General characteristics
- Type: Aloe-class net laying ship
- Tonnage: 560 tons
- Displacement: 805 tons
- Length: 163 ft 2 in (49.73 m)
- Beam: 30 ft 6 in (9.30 m)
- Draft: 11 ft 8 in (3.56 m)
- Propulsion: diesel engine, single propeller
- Speed: 12.5 knots
- Complement: 48 officers and enlisted
- Armament: one single 3"/50 dual purpose gun mount; two .50 caliber. machine guns

= USS Mahogany =

USS Mahogany (AN-23/YN-18) was an Aloe-class net laying ship which was assigned to serve the U.S. Navy during World War II with her protective anti-submarine nets.

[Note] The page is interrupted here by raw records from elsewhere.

lemma std_normal_tail_le_quarter:
  assumes "0 < \<eta>"
  shows "measure std_normal {x. 4 / sqrt \<eta> < \<bar>x\<bar>} \<le> \<eta> / 4"
proof -
  have "8 / \<eta> \<le> exp (8 / \<eta>)"
    using exp_ge_add_one_self[of "8 / \<eta>"] by linarith
  then have "2 * exp (- (8 / \<eta>)) \<le> \<eta> / 4"
    using assms by (simp add: exp_minus field_simps)
  with std_normal_tail_le[of "4 / sqrt \<eta>"] assms show ?thesis
    by (simp add: power_divide)
qed

lemma measure_std_normal_lessThan_diff_le:
  assumes "a \<le> b"
  shows "measure std_normal {..<b} - measure std_normal {..<a} \<le> (b - a) / 2"
proof -
  have "measure std_normal {..<b} - measure std_normal {..<a} = measure std_normal {a..<b}"
    using assms by (subst std_normal.finite_measure_Diff[symmetric])
      (auto intro!: arg_cong[where f = "measure std_normal"])
  also have "\<dots> = (\<integral>x. std_normal_density x * indicator {a..<b} x \<partial>lborel)"
    by (rule measure_std_normal) simp
  also have "\<dots> \<le> (\<integral>x. 1 / 2 * indicator {a..<b} x \<partial>lborel)"
  proof (rule integral_mono')
    show "integrable lborel (\<lambda>x. 1 / 2 * indicator {a..<b} x :: real)"
      using assms by (intro integrable_mult_right integrable_real_indicator) auto
  qed (use std_normal_density_le_half in \<open>auto simp: indicator_def\<close>)
  also have "\<dots> = (b - a) / 2"
    using assms by simp
  finally show ?thesis .
qed

lemma integrable_std_normal_density_shift_mult:
  fixes f :: "real \<Rightarrow> real"
  assumes [measurable]: "f \<in> borel_measurable borel" and f: "\<And>x. \<bar>f x\<bar> \<le> B"
  shows "integrable lborel (\<lambda>x. std_normal_density (x + h) * f x)"
proof (rule Bochner_Integration.integrable_bound)
  show "integrable lborel (\<lambda>x. std_normal_density (x + h) * B)"
  proof (rule integrable_mult_left)
    have "std_normal_density (x + h) = normal_density (- h) 1 x" for x
      by (simp add: normal_density_def)
    then show "integrable lborel (\<lambda>x. std_normal_density (x + h))"
      using integrable_normal_density[of 1 "- h"] by simp
  qed
  show "AE x in lborel. norm (std_normal_density (x + h) * f x) \<le> norm (std_normal_density (x + h) * B)"
    using f order_trans[OF f abs_ge_self] by (simp add: abs_mult mult_left_mono)
qed measurable

lemma integral_std_normal_translate_diff:
  fixes f :: "real \<Rightarrow> real"
  assumes [measurable]: "f \<in> borel_measurable borel" and f: "\<And>x. \<bar>f x\<bar> \<le> B"
  shows "(\<integral>z. f (z - h) \<partial>std_normal) - integral\<^sup>L std_normal f
    = (\<integral>x. (std_normal_density (x + h) - std_normal_density x) * f x \<partial>lborel)"
proof -
  have "(\<integral>z. f (z - h) \<partial>std_normal) = (\<integral>z. std_normal_density z * f (z - h) \<partial>lborel)"
    by (rule integral_std_normal) measurable
  also have "\<dots> = (\<integral>x. std_normal_density (x + h) * f x \<partial>lborel)"
    using lborel_integral_real_affine[of 1 "\<lambda>z. std_normal_density z * f (z - h)" h]
    by (simp add: add.commute)
  finally show ?thesis
    using integrable_std_normal_density_shift_mult[OF _ f, where h = h]
      integrable_std_normal_density_shift_mult[OF _ f, where h = 0]
    by (simp add: integral_std_normal left_diff_distrib)
qed

lemma std_normal_density_shift_diff_mult_le:
  assumes "0 \<le> h" "0 \<le> g" "g \<le> 1"
  shows "(std_normal_density (x + h) - std_normal_density x) * g
    \<le> (std_normal_density (x + h) - std_normal_density x) * indicator {..< - h / 2} x"
proof (cases "x < - h / 2")
  case True
  with assms have "0 \<le> std_normal_density (x + h) - std_normal_density x"
    by (simp add: std_normal_density_le_iff)
  with True assms show ?thesis
    by (simp add: mult_left_le)
next
  case False
  with assms have "std_normal_density (x + h) - std_normal_density x \<le> 0"
    by (simp add: std_normal_density_le_iff)
  with False assms show ?thesis
    by (simp add: mult_nonpos_nonneg)
qed

lemma integral_std_normal_shift_le:
  fixes G :: "real \<Rightarrow> real"
  assumes [measurable]: "G \<in> borel_measurable borel"
    and G: "\<And>x. 0 \<le> G x" "\<And>x. G x \<le> 1" and "0 \<le> h"
  shows "(\<integral>z. G (z - h) \<partial>std_normal) \<le> integral\<^sup>L std_normal G + h / 2"
proof -
  let ?L = "indicator {..< - h / 2} :: real \<Rightarrow> real"
  let ?\<Delta> = "\<lambda>x. std_normal_density (x + h) - std_normal_density x"
  have G_abs: "\<bar>G x\<bar> \<le> 1" and L_abs: "\<bar>?L x\<bar> \<le> 1" for x
    using G[of x] by (simp_all add: indicator_def)
  have integrable_\<Delta>: "integrable lborel (\<lambda>x. ?\<Delta> x * f x)"
    if [measurable]: "f \<in> borel_measurable borel" and "\<And>x. \<bar>f x\<bar> \<le> 1" for f :: "real \<Rightarrow> real"
    using integrable_std_normal_density_shift_mult[OF _ that(2), where h = h]
      integrable_std_normal_density_shift_mult[OF _ that(2), where h = 0]
    by (simp add: left_diff_distrib)
  have "(\<integral>z. G (z - h) \<partial>std_normal) - integral\<^sup>L std_normal G = (\<integral>x. ?\<Delta> x * G x \<partial>lborel)"
    by (rule integral_std_normal_translate_diff[OF _ G_abs]) simp
  \<comment> \<open>The translated density exceeds the original exactly left of \<open>-h/2\<close>.\<close>
  also have "\<dots> \<le> (\<integral>x. ?\<Delta> x * ?L x \<partial>lborel)"
    using G_abs L_abs G \<open>0 \<le> h\<close>
    by (intro integral_mono integrable_\<Delta> std_normal_density_shift_diff_mult_le) auto
  also have "\<dots> = (\<integral>z. ?L (z - h) \<partial>std_normal) - integral\<^sup>L std_normal ?L"
    by (rule integral_std_normal_translate_diff[OF _ L_abs, symmetric]) simp
  also have "(\<lambda>z. ?L (z - h)) = indicator {..< h / 2}"
    by (auto simp: indicator_def)
  also have "integral\<^sup>L std_normal (indicator {..< h / 2}) - integral\<^sup>L std_normal ?L
      = measure std_normal {..< h / 2} - measure std_normal {..< - h / 2}"
    by simp
  also have "\<dots> \<le> h / 2"
    using measure_std_normal_lessThan_diff_le[of "- h / 2" "h / 2"] \<open>0 \<le> h\<close> by simp
  finally show ?thesis
    by simp
qed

==Built at Cleveland, Ohio==
Mahogany (YN 18) was laid down 18 October 1940 by the American Shipbuilding Company, Cleveland, Ohio; launched 13 February 1941; and commissioned 22 December 1942.

==World War II service==
Shortly after commissioning and sea trials, Mahogany reported to Argentia, Newfoundland. There she conducted net tending, rescue, and icebreaking operations through 1943. On 20 January 1944 she was redesignated AN-23.

Four months later, having received additional armament and equipment, she was assigned to the U.S. Pacific Fleet. She completed passage through the Panama Canal 14 July and continued on to San Diego, California, for further exercises. Arriving Pearl Harbor in August, she soon steamed westward; and, from 14 September into March 1945, she laid and tended torpedo nets, moorings and buoys, and participated in various towing, salvage and demolition operations in the central Pacific Ocean.

By April, Mahogany had moved to the western Pacific Ocean for the invasion of Okinawa. She operated with minecraft during the 82 day campaign, 1 April to 21 July, and then remained in the Okinawa Gunto area until after the end of the war.

==Shipwrecked in a typhoon==
On 14 September 1945 Mahogany. caught in a typhoon, grounded on a reef in Buckner Bay. She was towed to Guam for repairs, but these promised to be so extensive that she was scrapped. After salvageable equipment had been removed, she decommissioned and her hulk was destroyed 19 April 1946 at Guam.

==Honors and awards==
Mahogany received one battle star for her participation in the Okinawa Gunto operation.